Part of the **Data Analytics** skill category.
Tags: sql, analytics, visualization, statistics, bi

Overview

This skill automates construction and validation of CTE (Common Table Expression) query builder operations for data analytics workflows. It helps design readable, modular SQL using CTE patterns, and produces production-ready query code and configuration snippets. The skill is auto-activating when CTE-focused assistance is requested and integrates guidance with validation and best-practice checks.

How this skill works

The skill inspects user requirements (tables, joins, filters, aggregation, pagination) and generates step-by-step CTE layouts that separate logical stages of the query. It produces runnable SQL, comments, and optional parameterized templates, and runs lightweight validation to catch syntax issues and common anti-patterns.
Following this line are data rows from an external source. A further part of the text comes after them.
text \<open>Rooted trees are represented by a parent map: par v = None for the root and
for all vertices outside the vertex set, par v = Some u if u is the parent of v.
search_tree V E par: par is a search tree on the graph (V,E): a root r in V,
and the children of r are the roots of search trees on the components of
(V,E) - r.\<close>
inductive search_tree :: "'a set \<Rightarrow> ('a \<Rightarrow> 'a \<Rightarrow> bool) \<Rightarrow> ('a \<Rightarrow> 'a option) \<Rightarrow> bool" where
  step: "\<lbrakk> r \<in> V;
          \<forall>v. v \<notin> V \<longrightarrow> par v = None;
          par r = None;
          \<forall>C \<in> components (V - {r}) E.
             \<exists>p. search_tree C E p \<and>
                 (\<forall>v \<in> C. par v = (case p v of None \<Rightarrow> Some r | Some u \<Rightarrow> Some u)) \<rbrakk>
         \<Longrightarrow> search_tree V E par"

definition Path :: "('a \<Rightarrow> 'a option) \<Rightarrow> 'a \<Rightarrow> 'a set" where
  "Path par v = {u. (\<lambda>x y. par x = Some y)\<^sup>*\<^sup>* v u}"

end

theory Submission
  imports Defs "HOL-Library.Transitive_Closure_Table"
begin

text \<open>Existence is proved by induction on the search tree T with root r. If r is not a
vertex of H, then H lies in a single component C of the tree minus r, and the restriction of
the subtree of T on C is the wanted search tree. If r is a vertex of H, the restrictions to
the components of H - r are hung below r. This works because the host graph is a tree: two
vertices of H - r joined by a path avoiding r are already joined inside H - r, so the
ancestors in H of a vertex v of H - r, apart from r, lie in the component of v in H - r.
Uniqueness holds because a search tree is determined by its root paths.\<close>

definition component :: "'a set \<Rightarrow> ('a \<Rightarrow> 'a \<Rightarrow> bool) \<Rightarrow> 'a \<Rightarrow> 'a set" where
  "component S E x = {y. reach S E x y}"

definition cycle_free :: "'a set \<Rightarrow> ('a \<Rightarrow> 'a \<Rightarrow> bool) \<Rightarrow> bool" where
  "cycle_free V E \<longleftrightarrow> (\<nexists>cs. is_cycle V E cs)"

lemma reach_in_set: "reach S E x y \<Longrightarrow> x \<in> S \<Longrightarrow> y \<in> S"
  unfolding reach_def by (induction rule: rtranclp_induct) auto

lemma reach_refl [simp]: "reach S E x x"
  unfolding reach_def by simp

lemma reach_edge: "x \<in> S \<Longrightarrow> y \<in> S \<Longrightarrow> E x y \<Longrightarrow> reach S E x y"
  unfolding reach_def by auto

lemma reach_trans: "reach S E x y \<Longrightarrow> reach S E y z \<Longrightarrow> reach S E x z"
  unfolding reach_def by simp

lemma reach_sym: "symp E \<Longrightarrow> reach S E x y \<Longrightarrow> reach S E y x"
  unfolding reach_def by (rule symp_rtranclp[THEN sympD]) (auto intro: sympI dest: sympD)

lemma reach_mono: "S \<subseteq> S' \<Longrightarrow> F \<le> E \<Longrightarrow> reach S F x y \<Longrightarrow> reach S' E x y"
  unfolding reach_def by (erule rtranclp_mono[THEN predicate2D, rotated]) auto

lemma mem_component [simp]: "x \<in> component S E x"
  unfolding component_def by simp

lemma component_subset: "x \<in> S \<Longrightarrow> component S E x \<subseteq> S"
  unfolding component_def using reach_in_set by fast

lemma components_eq: "components S E = component S E ` S"
  unfolding components_def component_def by blast

lemma component_in_components: "x \<in> S \<Longrightarrow> component S E x \<in> components S E"
  by (simp add: components_eq)

lemma components_subset: "D \<in> components S E \<Longrightarrow> D \<subseteq> S"
  by (auto simp: components_eq dest: component_subset)

lemma component_eq:
  assumes "symp E" "y \<in> component S E x"
  shows "component S E y = component S E x"
proof -
  have xy: "reach S E x y" using assms(2) unfolding component_def by simp
  have yx: "reach S E y x" using reach_sym[OF assms(1) xy] .
  show ?thesis unfolding component_def using reach_trans[OF xy] reach_trans[OF yx] by blast
qed

lemma reach_within_component:
  assumes "reach S E x y" "x \<in> component S E x0"
  shows "reach (component S E x0) E x y"
  using assms(1) unfolding reach_def
proof (induction rule: rtranclp_induct)
  case (step y z)
  have "reach S E x0 y"
    using assms(2) step(1) reach_trans unfolding component_def reach_def by force
  moreover have "reach S E y z" using step(2) by (simp add: reach_edge)
  ultimately have "y \<in> component S E x0" "z \<in> component S E x0"
    unfolding component_def using reach_trans by auto
  with step show ?case by (simp add: rtranclp.rtrancl_into_rtrancl)
qed simp

lemma connected_component:
  assumes "symp E"
  shows "connected_graph (component S E x) E"
  unfolding connected_graph_def
proof (intro ballI)
  fix y z assume "y \<in> component S E x" "z \<in> component S E x"
  then have "reach S E x y" "reach S E x z" unfolding component_def by simp_all
  then have "reach S E y z" using reach_trans reach_sym[OF assms] by metis
  then show "reach (component S E x) E y z"
    using \<open>y \<in> component S E x\<close> by (rule reach_within_component)
qed

lemma connected_subset_component:
  assumes "connected_graph W F" "W \<subseteq> S" "F \<le> E" "x \<in> W"
  shows "W \<subseteq> component S E x"
proof
  fix w assume "w \<in> W"
  then have "reach W F x w" using assms(1,4) unfolding connected_graph_def by blast
  then show "w \<in> component S E x"
    using reach_mono[OF assms(2,3)] unfolding component_def by blast
qed

lemma reach_neighbour_avoiding:
  assumes "connected_graph W F" "r \<in> W" "x \<in> W - {r}"
  shows "\<exists>d. reach (W - {r}) F x d \<and> F d r"
proof -
  have "(\<lambda>x y. x \<in> W \<and> y \<in> W \<and> F x y)\<^sup>*\<^sup>* x r"
    using assms unfolding connected_graph_def reach_def by blast
  then show ?thesis
    using \<open>x \<in> W - {r}\<close>
  proof (induction rule: converse_rtranclp_induct)
    case (step x y)
    show ?case
    proof (cases "y = r")
      case False
      with step obtain d where "reach (W - {r}) F y d" "F d r" by blast
      moreover have "reach (W - {r}) F x y" using step False by (intro reach_edge) auto
      ultimately show ?thesis by (blast intro: reach_trans)
    next
      case True
      with step show ?thesis by (intro exI[of _ x]) simp
    qed
  qed simp
qed

lemma cycle_free_subset: "C \<subseteq> V \<Longrightarrow> cycle_free V E \<Longrightarrow> cycle_free C E"
  unfolding cycle_free_def is_cycle_def by blast

text \<open>A path between two neighbours of r avoiding r closes a cycle through r.\<close>
lemma cycle_free_neighbours_not_reach:
  assumes "symp E" "cycle_free V E" "r \<in> V" "E r a" "E r b" "a \<noteq> b" "a \<in> V - {r}"
  shows "\<not> reach (V - {r}) E a b"
proof
  let ?R = "\<lambda>x y. x \<in> V - {r} \<and> y \<in> V - {r} \<and> E x y"
  assume "reach (V - {r}) E a b"
  then obtain xs where xs: "rtrancl_path ?R a xs b" "distinct (a # xs)"
    unfolding reach_def rtranclp_eq_rtrancl_path by (blast elim: rtrancl_path_distinct)
  have "xs \<noteq> []" using xs(1) \<open>a \<noteq> b\<close> by (auto elim: rtrancl_path.cases)
  have xs_in: "set xs \<subseteq> V - {r}" using rtrancl_path_Range[OF xs(1)] by blast
  have "is_cycle V E (r # a # xs)"
    unfolding is_cycle_def
  proof (intro conjI allI impI)
    show "3 \<le> length (r # a # xs)" using \<open>xs \<noteq> []\<close> by (cases xs) auto
    show "distinct (r # a # xs)" using xs(2) xs_in \<open>a \<in> V - {r}\<close> by auto
    show "set (r # a # xs) \<subseteq> V" using xs_in assms(3,7) by auto
    show "E (last (r # a # xs)) (hd (r # a # xs))"
      using rtrancl_path_last[OF xs(1) \<open>xs \<noteq> []\<close>] \<open>xs \<noteq> []\<close> sympD[OF assms(1,5)] by simp
  next
    fix i assume "i < length (r # a # xs) - 1"
    then show "E ((r # a # xs) ! i) ((r # a # xs) ! Suc i)"
      using rtrancl_path_nth[OF xs(1)] assms(4) by (cases i) auto
  qed
  with assms(2) show False unfolding cycle_free_def by blast
qed

text \<open>Otherwise x and y would leave W - {r} towards r through two distinct neighbours
  of r, which are joined by a path avoiding r.\<close>
lemma reach_remove_vertex_subgraph:
  assumes "symp E" "cycle_free V E" "W \<subseteq> V" "F \<le> E" "symp F" "connected_graph W F"
    and "r \<in> W" "x \<in> W - {r}" "y \<in> W - {r}" "reach (V - {r}) E x y"
  shows "reach (W - {r}) F x y"
proof (rule ccontr)
  assume not_reach: "\<not> reach (W - {r}) F x y"
  obtain a where a: "reach (W - {r}) F x a" "F a r"
    using reach_neighbour_avoiding[OF assms(6-8)] by blast
  obtain b where b: "reach (W - {r}) F y b" "F b r"
    using reach_neighbour_avoiding[OF assms(6,7,9)] by blast
  have "a \<noteq> b"
  proof
    assume "a = b"
    then have "reach (W - {r}) F a y" using reach_sym[OF assms(5) b(1)] by simp
    with not_reach show False using reach_trans[OF a(1)] by blast
  qed
  have sub: "W - {r} \<subseteq> V - {r}" using assms(3) by blast
  have "reach (V - {r}) E a x" using reach_mono[OF sub assms(4) reach_sym[OF assms(5) a(1)]] .
  moreover have "reach (V - {r}) E y b" using reach_mono[OF sub assms(4) b(1)] .
  ultimately have "reach (V - {r}) E a b" using reach_trans assms(10) by metis
  moreover have "E r a" "E r b"
    using a(2) b(2) by (auto intro: sympD[OF assms(1)] predicate2D[OF assms(4)])
  moreover have "a \<in> V - {r}" using reach_in_set[OF a(1)] assms(3,8) by blast
  moreover have "r \<in> V" using assms(3,7) by blast
  ultimately show False
    using cycle_free_neighbours_not_reach[OF assms(1,2) \<open>r \<in> V\<close> _ _ \<open>a \<noteq> b\<close>] by blast
qed

abbreviation parent :: "('a \<Rightarrow> 'a option) \<Rightarrow> 'a \<Rightarrow> 'a \<Rightarrow> bool" where
  "parent par x y \<equiv> par x = Some y"

abbreviation attach :: "'a \<Rightarrow> ('a \<Rightarrow> 'a option) \<Rightarrow> 'a \<Rightarrow> 'a option" where
  "attach r p v \<equiv> (case p v of None \<Rightarrow> Some r | Some u \<Rightarrow> Some u)"

lemma search_tree_parent_in:
  "search_tree V E par \<Longrightarrow> par v = Some u \<Longrightarrow> u \<in> V \<and> v \<in> V"
proof (induction arbitrary: v u rule: search_tree.induct)
  case (step r V par E)
  then have v: "v \<in> V - {r}" by force
  let ?C = "component (V - {r}) E v"
  have "?C \<in> components (V - {r}) E" using v by (rule component_in_components)
  then obtain p where p: "\<And>v u. p v = Some u \<Longrightarrow> u \<in> ?C \<and> v \<in> ?C"
    and attach: "\<forall>x\<in>?C. par x = attach r p x"
    using step(4) by blast
  have "?C \<subseteq> V" using component_subset[OF v] by blast
  then show ?case
    using step(1,5) v p attach mem_component by (cases "p v") fastforce+
qed

lemma Path_subset:
  assumes "search_tree V E par" "v \<in> V"
  shows "Path par v \<subseteq> V"
proof
  fix u assume "u \<in> Path par v"
  then have "(parent par)\<^sup>*\<^sup>* v u" by (simp add: Path_def)
  then show "u \<in> V"
    by (induction rule: rtranclp_induct) (use assms search_tree_parent_in[OF assms(1)] in auto)
qed

lemma Path_root: "par v = None \<Longrightarrow> Path par v = {v}"
  unfolding Path_def by (auto elim: converse_rtranclpE)

lemma attach_ancestor:
  assumes "search_tree C E p" "\<forall>x\<in>C. par x = attach r p x" "v \<in> C" "(parent p)\<^sup>*\<^sup>* v u"
  shows "(parent par)\<^sup>*\<^sup>* v u"
  using assms(4)
proof (induction rule: rtranclp_induct)
  case (step y z)
  then have "y \<in> C" using search_tree_parent_in[OF assms(1)] by blast
  with step assms(2) show ?case by (simp add: rtranclp.rtrancl_into_rtrancl)
qed simp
The output emphasizes maintainability, performance considerations, and clear naming conventions.

When to use it

  • You need to convert a complex query into readable, modular CTE stages.
  • You want parameterized, production-ready SQL templates for analytics pipelines.
  • You need guidance on CTE naming, ordering, and performance trade-offs.
  • You are preparing queries for BI tools, reports, or downstream data models.
  • You want quick validation and anti-pattern checks for CTE usage.

Best practices

  • Split logic into small, single-purpose CTEs to aid readability and reuse.
  • Use clear, consistent CTE naming (verb_noun or step_description) and add short comments.
  • Avoid unnecessary SELECT *; explicitly list columns to reduce I/O and ambiguity.
  • Limit materialization of large intermediate results; consider indexed temp tables if needed.
  • Add parameterization and input validation for reproducible, secure queries.

Example use cases

  • Refactor a monolithic sales report query into staged CTEs: raw extraction, enrichment, aggregation, and final projection.
  • Generate parameterized query templates for monthly dashboards with date range and region filters.
  • Create intermediate CTEs for complex joins and window functions to simplify debugging and unit testing.
  • Validate a newly written CTE-based ETL step against common performance pitfalls before deployment.
  • Produce documented SQL snippets for onboarding analysts to an established data model.

FAQ

What inputs do I need to provide?

Supply table names, key columns, desired filters/aggregations, and any join conditions; optional requirements include indexing constraints and target database dialect.

Which SQL dialects are supported?

The skill targets common ANSI SQL and popular dialects (Postgres, Redshift, BigQuery, Snowflake); specify the dialect to tailor syntax and functions.

Can it validate performance issues?

It flags common anti-patterns and suggests optimizations, but full performance testing requires running queries in your environment with real data and explain plans.